**Problem to work on**
Wherever the string "applies" occurs in a line of these records, report that line.

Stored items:

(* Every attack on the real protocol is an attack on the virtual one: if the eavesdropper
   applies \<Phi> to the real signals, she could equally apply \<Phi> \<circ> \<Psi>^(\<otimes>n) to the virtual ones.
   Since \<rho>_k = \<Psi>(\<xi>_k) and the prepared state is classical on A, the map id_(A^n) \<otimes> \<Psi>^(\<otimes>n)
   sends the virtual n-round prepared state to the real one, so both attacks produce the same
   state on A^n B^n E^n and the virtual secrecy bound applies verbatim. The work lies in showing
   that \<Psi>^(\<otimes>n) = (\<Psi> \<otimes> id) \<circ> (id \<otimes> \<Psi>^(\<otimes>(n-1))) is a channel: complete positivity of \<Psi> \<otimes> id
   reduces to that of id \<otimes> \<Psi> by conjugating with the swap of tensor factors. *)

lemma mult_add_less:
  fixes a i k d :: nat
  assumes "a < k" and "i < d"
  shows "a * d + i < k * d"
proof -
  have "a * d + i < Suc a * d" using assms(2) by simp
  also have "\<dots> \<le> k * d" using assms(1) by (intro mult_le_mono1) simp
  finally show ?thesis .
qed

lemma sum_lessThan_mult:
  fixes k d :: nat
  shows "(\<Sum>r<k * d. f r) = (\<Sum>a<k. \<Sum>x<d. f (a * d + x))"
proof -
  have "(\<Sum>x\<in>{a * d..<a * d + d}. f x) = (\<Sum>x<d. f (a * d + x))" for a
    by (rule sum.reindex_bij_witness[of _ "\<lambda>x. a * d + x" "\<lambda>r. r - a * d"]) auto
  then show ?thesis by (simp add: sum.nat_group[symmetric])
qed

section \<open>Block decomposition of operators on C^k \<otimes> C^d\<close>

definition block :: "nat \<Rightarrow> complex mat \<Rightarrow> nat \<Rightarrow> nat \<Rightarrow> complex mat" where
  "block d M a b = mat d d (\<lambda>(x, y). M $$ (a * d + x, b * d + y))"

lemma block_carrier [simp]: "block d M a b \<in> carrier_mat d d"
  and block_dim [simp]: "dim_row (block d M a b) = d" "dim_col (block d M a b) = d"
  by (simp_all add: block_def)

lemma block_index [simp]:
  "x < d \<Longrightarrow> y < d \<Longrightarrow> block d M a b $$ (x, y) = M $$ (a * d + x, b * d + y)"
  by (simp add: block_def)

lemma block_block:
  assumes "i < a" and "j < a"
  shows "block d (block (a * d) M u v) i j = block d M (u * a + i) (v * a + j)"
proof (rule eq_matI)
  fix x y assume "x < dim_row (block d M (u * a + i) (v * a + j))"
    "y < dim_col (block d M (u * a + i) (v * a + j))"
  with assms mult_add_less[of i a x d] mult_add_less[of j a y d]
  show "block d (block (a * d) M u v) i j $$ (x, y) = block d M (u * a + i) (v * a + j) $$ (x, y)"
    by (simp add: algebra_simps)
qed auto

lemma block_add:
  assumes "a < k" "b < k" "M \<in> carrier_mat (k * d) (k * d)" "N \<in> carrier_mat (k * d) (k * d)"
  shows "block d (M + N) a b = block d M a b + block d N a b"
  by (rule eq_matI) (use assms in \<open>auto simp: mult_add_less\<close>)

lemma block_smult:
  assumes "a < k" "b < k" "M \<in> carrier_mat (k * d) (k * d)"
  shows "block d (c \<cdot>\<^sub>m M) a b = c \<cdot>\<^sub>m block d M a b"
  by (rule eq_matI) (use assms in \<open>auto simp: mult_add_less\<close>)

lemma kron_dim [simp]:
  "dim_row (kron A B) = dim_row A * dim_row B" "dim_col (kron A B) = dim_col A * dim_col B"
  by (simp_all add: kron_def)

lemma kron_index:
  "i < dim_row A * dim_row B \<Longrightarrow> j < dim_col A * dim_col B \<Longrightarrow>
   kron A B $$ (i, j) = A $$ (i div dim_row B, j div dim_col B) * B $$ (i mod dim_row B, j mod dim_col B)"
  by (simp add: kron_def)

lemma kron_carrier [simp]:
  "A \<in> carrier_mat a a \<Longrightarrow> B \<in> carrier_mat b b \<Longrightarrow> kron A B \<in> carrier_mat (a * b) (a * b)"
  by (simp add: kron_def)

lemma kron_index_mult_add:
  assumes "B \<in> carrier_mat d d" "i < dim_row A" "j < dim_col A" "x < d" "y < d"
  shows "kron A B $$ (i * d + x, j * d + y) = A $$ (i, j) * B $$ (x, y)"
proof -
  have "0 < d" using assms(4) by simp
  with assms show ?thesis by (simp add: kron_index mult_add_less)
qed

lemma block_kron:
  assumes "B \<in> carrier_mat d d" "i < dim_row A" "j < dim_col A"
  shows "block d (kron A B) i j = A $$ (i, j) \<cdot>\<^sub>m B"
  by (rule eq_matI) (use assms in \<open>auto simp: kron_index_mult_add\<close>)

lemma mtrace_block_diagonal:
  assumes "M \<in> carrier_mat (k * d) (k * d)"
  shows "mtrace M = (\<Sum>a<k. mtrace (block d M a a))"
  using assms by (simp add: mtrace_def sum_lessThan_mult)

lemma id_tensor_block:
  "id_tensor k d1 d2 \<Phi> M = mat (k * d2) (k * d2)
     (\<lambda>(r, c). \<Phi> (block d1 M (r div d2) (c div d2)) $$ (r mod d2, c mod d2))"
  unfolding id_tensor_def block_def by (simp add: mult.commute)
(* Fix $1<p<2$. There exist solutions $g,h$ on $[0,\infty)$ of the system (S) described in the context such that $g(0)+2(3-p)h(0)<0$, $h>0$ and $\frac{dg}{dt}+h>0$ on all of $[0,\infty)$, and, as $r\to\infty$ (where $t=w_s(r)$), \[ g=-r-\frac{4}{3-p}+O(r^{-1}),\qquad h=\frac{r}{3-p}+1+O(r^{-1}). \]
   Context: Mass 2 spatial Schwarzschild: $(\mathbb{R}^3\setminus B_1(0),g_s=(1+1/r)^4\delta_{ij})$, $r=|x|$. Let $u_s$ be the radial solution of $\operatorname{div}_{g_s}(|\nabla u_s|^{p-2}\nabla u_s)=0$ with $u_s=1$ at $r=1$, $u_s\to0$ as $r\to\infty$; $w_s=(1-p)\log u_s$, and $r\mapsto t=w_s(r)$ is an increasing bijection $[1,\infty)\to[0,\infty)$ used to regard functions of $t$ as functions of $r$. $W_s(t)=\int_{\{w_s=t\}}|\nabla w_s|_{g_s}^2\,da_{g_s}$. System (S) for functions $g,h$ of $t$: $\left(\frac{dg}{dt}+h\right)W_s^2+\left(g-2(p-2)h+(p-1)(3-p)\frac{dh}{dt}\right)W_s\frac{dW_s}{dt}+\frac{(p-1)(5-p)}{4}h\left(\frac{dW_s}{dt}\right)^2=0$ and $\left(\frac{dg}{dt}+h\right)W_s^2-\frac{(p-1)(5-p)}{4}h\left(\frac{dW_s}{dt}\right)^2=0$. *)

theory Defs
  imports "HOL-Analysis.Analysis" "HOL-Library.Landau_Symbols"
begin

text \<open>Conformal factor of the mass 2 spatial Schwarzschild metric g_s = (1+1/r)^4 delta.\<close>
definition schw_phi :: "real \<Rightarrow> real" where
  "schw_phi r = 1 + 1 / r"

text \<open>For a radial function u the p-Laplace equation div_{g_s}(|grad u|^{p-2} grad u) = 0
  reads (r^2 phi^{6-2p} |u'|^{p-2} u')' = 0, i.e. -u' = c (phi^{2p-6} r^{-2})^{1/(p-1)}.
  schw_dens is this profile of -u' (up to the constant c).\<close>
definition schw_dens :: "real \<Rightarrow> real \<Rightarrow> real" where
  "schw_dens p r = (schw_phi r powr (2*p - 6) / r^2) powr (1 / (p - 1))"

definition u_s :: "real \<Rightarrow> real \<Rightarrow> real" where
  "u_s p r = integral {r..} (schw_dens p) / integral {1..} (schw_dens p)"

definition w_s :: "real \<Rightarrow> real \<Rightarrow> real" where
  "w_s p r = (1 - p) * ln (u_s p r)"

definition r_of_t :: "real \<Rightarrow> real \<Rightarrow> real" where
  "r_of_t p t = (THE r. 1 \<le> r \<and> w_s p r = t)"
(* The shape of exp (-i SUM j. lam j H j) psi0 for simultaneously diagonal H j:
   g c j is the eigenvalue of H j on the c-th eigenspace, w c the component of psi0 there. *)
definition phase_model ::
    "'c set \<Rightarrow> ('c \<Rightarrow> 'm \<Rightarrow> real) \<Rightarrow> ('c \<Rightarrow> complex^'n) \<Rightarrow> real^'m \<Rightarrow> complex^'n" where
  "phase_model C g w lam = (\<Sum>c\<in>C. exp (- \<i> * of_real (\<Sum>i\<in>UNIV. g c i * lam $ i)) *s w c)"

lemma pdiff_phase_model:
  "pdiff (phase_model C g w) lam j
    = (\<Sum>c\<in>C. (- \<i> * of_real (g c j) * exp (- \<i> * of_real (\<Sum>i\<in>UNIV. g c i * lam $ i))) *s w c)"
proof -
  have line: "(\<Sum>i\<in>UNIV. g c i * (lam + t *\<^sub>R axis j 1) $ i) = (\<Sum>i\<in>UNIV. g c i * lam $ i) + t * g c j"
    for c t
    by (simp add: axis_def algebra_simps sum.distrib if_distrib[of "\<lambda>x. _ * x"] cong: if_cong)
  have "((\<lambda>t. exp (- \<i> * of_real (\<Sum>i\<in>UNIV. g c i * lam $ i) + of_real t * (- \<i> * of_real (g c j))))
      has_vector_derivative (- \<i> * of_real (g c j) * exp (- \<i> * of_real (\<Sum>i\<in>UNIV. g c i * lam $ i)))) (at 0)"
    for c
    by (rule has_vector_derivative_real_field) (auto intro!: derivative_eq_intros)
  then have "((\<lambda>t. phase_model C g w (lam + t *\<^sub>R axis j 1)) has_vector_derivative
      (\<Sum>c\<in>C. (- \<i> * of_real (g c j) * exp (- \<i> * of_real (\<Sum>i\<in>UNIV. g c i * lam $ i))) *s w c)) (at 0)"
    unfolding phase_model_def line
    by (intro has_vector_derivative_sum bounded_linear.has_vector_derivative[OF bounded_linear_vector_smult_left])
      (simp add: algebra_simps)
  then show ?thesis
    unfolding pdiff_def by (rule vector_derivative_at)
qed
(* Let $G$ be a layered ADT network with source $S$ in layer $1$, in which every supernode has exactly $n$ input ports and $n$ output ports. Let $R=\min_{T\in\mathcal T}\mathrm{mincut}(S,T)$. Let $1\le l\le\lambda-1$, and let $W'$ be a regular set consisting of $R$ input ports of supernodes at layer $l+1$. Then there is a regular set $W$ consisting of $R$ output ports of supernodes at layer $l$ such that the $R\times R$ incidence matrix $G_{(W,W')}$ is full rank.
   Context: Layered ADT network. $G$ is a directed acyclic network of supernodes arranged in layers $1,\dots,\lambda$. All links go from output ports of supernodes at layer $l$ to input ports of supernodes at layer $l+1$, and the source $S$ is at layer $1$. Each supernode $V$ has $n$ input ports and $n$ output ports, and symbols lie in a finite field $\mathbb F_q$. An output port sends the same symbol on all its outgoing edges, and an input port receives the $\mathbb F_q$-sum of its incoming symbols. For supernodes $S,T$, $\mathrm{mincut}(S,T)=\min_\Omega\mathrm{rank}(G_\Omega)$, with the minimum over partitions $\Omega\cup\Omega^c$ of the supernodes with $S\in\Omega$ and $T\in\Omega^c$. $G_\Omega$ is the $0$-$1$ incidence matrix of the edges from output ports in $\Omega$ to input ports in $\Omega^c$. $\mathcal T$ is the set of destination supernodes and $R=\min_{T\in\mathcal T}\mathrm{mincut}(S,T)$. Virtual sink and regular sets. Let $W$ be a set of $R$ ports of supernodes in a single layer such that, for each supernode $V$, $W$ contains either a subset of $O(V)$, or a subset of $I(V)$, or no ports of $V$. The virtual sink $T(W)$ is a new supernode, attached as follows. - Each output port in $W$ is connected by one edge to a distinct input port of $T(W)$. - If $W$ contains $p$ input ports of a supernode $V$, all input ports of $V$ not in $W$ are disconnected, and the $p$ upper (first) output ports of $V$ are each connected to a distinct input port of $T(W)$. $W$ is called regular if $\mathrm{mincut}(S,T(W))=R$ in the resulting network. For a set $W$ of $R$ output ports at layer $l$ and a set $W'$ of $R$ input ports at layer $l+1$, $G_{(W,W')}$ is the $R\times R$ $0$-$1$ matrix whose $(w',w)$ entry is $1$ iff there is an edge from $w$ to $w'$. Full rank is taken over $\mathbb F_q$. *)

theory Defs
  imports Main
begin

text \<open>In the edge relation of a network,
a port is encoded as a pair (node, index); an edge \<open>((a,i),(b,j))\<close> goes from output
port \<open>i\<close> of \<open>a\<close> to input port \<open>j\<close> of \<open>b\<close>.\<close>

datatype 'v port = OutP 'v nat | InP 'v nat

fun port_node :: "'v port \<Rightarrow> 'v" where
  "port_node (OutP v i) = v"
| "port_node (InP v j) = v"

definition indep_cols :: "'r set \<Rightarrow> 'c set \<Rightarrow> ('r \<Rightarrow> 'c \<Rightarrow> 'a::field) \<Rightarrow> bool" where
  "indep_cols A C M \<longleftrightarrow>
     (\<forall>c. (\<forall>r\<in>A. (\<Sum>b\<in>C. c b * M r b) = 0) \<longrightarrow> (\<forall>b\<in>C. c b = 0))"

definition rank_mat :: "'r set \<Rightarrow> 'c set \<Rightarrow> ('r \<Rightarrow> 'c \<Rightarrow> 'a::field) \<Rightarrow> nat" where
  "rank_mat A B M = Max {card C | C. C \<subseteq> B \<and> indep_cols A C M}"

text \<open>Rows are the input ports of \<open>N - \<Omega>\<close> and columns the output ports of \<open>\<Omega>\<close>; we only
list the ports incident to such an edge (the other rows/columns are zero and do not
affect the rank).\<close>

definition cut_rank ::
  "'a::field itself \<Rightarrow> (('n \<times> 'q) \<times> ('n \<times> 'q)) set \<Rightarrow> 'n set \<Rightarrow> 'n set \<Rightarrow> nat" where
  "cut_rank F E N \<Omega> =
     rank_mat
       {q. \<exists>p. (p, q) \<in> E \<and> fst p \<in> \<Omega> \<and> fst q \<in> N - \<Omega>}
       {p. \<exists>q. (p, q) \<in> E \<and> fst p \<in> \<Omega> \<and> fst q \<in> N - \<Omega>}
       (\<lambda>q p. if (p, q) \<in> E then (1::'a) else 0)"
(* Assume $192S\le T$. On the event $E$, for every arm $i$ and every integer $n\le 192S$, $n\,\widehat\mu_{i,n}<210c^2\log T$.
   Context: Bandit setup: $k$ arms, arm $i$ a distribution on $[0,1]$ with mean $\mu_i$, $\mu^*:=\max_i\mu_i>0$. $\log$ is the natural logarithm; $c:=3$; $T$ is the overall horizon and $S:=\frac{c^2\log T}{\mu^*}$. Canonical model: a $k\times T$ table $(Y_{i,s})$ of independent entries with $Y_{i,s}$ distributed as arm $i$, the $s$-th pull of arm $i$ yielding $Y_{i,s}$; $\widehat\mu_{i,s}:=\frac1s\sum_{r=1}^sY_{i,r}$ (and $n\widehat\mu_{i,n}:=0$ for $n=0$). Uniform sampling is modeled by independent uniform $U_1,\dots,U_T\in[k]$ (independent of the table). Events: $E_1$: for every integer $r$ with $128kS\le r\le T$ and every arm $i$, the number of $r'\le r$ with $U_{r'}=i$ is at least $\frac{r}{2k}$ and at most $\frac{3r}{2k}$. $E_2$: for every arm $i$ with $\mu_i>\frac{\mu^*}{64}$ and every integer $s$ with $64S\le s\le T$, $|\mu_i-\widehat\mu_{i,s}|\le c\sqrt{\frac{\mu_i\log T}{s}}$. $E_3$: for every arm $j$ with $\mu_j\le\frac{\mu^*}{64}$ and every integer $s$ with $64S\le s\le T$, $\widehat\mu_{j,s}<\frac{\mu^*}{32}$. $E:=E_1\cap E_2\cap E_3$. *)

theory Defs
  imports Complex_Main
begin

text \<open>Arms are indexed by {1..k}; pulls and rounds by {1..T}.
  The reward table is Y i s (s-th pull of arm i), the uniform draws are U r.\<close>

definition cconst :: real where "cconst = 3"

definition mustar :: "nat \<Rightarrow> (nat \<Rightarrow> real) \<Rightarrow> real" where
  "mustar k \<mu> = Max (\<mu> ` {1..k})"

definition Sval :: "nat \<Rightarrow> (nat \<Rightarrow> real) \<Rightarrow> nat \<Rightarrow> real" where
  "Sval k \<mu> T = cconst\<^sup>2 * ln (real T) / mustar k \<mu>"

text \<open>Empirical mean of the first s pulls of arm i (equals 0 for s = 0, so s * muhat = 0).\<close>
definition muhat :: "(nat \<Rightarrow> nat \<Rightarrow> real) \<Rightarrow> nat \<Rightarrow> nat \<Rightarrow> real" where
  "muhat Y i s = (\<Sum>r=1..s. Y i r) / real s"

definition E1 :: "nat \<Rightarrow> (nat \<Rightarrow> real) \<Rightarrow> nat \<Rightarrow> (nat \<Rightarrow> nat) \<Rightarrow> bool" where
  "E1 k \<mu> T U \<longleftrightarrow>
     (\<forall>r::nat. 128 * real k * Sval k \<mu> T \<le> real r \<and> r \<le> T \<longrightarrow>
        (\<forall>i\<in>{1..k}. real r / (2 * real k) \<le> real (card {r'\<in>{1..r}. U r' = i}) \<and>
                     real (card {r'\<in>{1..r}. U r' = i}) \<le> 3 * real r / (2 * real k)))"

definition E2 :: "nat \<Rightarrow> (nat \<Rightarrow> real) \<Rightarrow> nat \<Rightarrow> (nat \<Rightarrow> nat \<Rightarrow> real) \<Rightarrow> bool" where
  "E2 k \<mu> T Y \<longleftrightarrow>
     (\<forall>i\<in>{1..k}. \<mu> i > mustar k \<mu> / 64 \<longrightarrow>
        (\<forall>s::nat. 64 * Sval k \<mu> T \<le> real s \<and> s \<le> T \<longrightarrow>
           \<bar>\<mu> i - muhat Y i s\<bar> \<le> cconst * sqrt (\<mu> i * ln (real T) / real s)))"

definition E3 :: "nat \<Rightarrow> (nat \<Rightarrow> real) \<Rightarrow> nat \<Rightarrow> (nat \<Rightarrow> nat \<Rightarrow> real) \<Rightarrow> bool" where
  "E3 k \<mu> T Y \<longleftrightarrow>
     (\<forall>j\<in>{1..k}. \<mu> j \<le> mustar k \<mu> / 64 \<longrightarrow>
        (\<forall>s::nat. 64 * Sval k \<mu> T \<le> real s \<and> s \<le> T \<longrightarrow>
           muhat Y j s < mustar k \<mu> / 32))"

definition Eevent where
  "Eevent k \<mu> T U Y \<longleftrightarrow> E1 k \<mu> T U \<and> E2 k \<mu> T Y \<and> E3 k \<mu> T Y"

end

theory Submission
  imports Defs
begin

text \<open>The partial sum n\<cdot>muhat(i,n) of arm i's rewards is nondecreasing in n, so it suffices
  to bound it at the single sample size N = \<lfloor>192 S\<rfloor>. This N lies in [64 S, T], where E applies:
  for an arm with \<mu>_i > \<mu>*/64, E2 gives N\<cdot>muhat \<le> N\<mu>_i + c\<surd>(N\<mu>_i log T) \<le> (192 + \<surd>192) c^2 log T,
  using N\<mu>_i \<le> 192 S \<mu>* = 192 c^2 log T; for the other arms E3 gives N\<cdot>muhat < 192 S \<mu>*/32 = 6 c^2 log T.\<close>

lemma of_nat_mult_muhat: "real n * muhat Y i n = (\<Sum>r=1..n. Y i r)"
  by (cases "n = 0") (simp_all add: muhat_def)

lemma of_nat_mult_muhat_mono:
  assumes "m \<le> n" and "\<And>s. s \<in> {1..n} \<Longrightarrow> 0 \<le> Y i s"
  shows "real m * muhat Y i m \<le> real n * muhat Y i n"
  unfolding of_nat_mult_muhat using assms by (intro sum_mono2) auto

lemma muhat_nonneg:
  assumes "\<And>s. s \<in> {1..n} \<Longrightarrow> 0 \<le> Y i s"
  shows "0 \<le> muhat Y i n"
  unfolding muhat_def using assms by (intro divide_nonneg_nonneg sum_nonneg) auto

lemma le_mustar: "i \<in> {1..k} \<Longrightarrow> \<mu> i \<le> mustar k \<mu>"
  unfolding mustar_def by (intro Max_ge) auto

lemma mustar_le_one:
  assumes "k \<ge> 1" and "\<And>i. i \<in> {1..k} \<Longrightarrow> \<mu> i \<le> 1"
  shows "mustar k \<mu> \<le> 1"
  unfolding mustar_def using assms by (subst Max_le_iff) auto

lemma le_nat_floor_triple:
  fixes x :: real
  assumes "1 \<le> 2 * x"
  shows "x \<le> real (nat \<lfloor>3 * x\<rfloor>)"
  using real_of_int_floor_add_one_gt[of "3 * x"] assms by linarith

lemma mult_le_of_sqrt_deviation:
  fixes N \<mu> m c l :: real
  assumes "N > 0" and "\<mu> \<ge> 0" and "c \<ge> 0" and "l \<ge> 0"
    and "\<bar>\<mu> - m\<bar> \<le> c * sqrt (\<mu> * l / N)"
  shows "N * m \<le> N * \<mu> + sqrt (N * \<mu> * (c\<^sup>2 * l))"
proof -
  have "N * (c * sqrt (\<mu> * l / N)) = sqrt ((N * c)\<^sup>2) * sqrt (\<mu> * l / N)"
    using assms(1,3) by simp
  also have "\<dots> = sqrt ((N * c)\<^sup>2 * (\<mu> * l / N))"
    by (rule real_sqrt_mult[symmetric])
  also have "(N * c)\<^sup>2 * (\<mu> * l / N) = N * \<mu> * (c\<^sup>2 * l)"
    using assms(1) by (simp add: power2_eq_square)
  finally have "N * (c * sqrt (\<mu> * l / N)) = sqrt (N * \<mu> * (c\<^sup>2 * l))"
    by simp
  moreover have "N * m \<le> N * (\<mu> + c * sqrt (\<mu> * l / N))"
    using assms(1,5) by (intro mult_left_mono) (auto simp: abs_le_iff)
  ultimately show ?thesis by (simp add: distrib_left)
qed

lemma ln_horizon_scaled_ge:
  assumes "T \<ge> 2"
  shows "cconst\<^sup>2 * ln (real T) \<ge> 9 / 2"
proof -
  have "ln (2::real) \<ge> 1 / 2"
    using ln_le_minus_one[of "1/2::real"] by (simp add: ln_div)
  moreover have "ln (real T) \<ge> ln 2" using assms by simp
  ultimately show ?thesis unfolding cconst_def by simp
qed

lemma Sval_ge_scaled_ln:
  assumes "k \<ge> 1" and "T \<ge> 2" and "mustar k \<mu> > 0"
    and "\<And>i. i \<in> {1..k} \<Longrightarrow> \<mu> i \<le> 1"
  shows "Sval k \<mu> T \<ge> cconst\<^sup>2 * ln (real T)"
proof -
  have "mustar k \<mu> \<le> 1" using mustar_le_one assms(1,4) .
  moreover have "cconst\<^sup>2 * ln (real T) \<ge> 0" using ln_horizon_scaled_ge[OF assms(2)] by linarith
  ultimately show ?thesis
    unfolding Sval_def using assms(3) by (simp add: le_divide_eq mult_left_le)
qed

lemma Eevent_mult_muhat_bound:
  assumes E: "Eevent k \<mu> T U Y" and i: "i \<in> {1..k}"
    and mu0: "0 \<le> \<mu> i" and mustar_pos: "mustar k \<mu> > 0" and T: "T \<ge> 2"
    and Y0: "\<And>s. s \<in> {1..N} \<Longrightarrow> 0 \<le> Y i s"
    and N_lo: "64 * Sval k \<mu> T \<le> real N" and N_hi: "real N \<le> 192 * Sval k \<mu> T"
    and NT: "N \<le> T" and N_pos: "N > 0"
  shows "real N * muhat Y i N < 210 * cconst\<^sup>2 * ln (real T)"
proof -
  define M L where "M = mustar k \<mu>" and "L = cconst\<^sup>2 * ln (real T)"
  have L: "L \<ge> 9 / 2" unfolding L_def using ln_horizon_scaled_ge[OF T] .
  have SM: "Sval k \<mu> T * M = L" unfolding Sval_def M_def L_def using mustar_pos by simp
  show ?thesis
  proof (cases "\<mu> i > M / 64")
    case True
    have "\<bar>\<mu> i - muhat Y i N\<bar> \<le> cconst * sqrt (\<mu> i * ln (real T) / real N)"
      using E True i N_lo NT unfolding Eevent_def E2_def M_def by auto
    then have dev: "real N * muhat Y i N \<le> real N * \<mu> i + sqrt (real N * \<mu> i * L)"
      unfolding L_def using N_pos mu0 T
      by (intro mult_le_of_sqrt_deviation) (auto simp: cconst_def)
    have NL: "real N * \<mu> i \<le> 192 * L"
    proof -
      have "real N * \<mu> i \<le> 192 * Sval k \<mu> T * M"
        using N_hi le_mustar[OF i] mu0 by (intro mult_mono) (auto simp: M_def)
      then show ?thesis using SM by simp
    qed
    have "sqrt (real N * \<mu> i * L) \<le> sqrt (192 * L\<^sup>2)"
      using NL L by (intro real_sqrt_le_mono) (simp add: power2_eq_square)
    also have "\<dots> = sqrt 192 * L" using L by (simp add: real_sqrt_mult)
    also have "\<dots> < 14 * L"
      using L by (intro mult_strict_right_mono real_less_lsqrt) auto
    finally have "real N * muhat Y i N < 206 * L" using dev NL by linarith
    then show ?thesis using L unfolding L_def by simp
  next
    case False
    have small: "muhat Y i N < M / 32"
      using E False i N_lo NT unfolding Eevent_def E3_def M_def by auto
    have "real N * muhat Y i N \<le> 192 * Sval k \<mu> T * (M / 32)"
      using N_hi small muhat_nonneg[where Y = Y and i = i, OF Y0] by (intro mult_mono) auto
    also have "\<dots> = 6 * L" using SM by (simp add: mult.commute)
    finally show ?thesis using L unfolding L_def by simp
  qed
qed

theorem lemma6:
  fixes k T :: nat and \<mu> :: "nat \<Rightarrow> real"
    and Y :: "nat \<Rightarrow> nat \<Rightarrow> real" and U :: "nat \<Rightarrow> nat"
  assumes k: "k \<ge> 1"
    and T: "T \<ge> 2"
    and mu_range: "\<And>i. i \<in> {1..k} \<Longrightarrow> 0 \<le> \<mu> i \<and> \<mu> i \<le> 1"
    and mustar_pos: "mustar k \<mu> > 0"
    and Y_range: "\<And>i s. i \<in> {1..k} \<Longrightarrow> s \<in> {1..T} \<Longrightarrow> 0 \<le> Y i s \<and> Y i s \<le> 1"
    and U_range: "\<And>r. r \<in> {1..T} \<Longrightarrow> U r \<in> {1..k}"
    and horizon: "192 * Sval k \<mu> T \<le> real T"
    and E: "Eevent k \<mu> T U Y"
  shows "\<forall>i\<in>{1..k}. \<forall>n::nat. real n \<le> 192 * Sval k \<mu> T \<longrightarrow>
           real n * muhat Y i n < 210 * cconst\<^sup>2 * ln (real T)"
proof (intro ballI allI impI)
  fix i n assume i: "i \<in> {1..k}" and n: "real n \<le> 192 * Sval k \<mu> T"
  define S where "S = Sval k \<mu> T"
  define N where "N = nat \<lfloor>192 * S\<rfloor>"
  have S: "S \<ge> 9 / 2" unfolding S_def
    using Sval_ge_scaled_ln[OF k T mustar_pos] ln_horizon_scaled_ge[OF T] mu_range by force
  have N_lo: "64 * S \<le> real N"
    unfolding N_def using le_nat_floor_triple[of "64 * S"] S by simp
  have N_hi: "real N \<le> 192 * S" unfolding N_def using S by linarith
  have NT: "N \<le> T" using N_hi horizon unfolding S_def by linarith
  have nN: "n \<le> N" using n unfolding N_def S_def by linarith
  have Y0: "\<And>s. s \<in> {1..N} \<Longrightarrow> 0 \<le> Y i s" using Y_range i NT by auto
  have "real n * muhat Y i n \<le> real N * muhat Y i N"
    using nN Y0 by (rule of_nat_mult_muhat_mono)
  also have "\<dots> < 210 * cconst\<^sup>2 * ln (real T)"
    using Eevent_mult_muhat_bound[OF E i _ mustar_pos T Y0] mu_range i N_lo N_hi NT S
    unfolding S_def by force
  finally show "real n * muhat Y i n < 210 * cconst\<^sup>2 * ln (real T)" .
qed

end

**Expected output**
   applies \<Phi> to the real signals, she could equally apply \<Phi> \<circ> \<Psi>^(\<otimes>n) to the virtual ones.
   state on A^n B^n E^n and the virtual secrecy bound applies verbatim. The work lies in showing
  to bound it at the single sample size N = \<lfloor>192 S\<rfloor>. This N lies in [64 S, T], where E applies:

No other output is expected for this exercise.